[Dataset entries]
+-------+

lemma inj_on_swap_word: "inj_on (swap_word g n) A"
proof
  fix i j assume "swap_word g n i = swap_word g n j"
  then have "takeWhile (\<lambda>x. x = g) (swap_word g n i) = takeWhile (\<lambda>x. x = g) (swap_word g n j)"
    by simp
  then show "i = j" by (simp add: swap_word_def takeWhile_append)
qed

lemma count_list_True_False: "count_list w True + count_list w False = length w"
  by (induction w) auto

lemma phiQ_eq_sum_words:
  "phiQ p Q i j = (\<Sum>w | count_list w True = i \<and> count_list w False = j. if Q w then Poly_Mapping.lookup p w else 0)"
proof -
  have fin: "finite {w. count_list w True = i \<and> count_list w False = j}"
  proof (rule finite_subset)
    show "{w. count_list w True = i \<and> count_list w False = j} \<subseteq> {w. set w \<subseteq> UNIV \<and> length w = i + j}"
      using count_list_True_False by auto
  qed (rule finite_lists_length_eq, simp)
  show ?thesis
    unfolding phiQ_def sum.inter_filter[OF fin, symmetric]
    by (rule sum.mono_neutral_left) (auto intro: finite_subset[OF _ fin] simp: in_keys_iff)
qed

lemma phi_replicate:
  "phi p t 0 = Poly_Mapping.lookup p (replicate t True)"
  "phi p 0 t = Poly_Mapping.lookup p (replicate t False)"
proof -
  have "{w. count_list w True = t \<and> count_list w False = 0} = {replicate t True}"
    "{w. count_list w True = 0 \<and> count_list w False = t} = {replicate t False}"
    using words_without_letter[of True t] words_without_letter[of False t] by (simp_all add: conj_commute)
  then show "phi p t 0 = Poly_Mapping.lookup p (replicate t True)"
    "phi p 0 t = Poly_Mapping.lookup p (replicate t False)"
    by (simp_all add: phi_def phiQ_eq_sum_words)
qed

lemma phiQ_one_letter:
  "phiQ p Q n 1 = (\<Sum>i\<le>n. if Q (swap_word True n i) then Poly_Mapping.lookup p (swap_word True n i) else 0)"
  "phiQ p Q 1 n = (\<Sum>i\<le>n. if Q (swap_word False n i) then Poly_Mapping.lookup p (swap_word False n i) else 0)"
proof -
  have "{w. count_list w True = n \<and> count_list w False = 1} = swap_word True n ` {..n}"
    "{w. count_list w True = 1 \<and> count_list w False = n} = swap_word False n ` {..n}"
    using words_with_one_letter[of True n] words_with_one_letter[of False n] by (simp_all add: conj_commute)
  then show "phiQ p Q n 1 = (\<Sum>i\<le>n. if Q (swap_word True n i) then Poly_Mapping.lookup p (swap_word True n i) else 0)"
    "phiQ p Q 1 n = (\<Sum>i\<le>n. if Q (swap_word False n i) then Poly_Mapping.lookup p (swap_word False n i) else 0)"
    by (simp_all add: phiQ_eq_sum_words sum.reindex[OF inj_on_swap_word])
qed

+-------+

*EXERCISE BRIEF:* Go through the data, and copy each line in which the word "using" appears.

*RESPONSE FOR THIS EXERCISE:*
      using count_list_True_False by auto
    using words_without_letter[of True t] words_without_letter[of False t] by (simp_all add: conj_commute)
    using words_with_one_letter[of True n] words_with_one_letter[of False n] by (simp_all add: conj_commute)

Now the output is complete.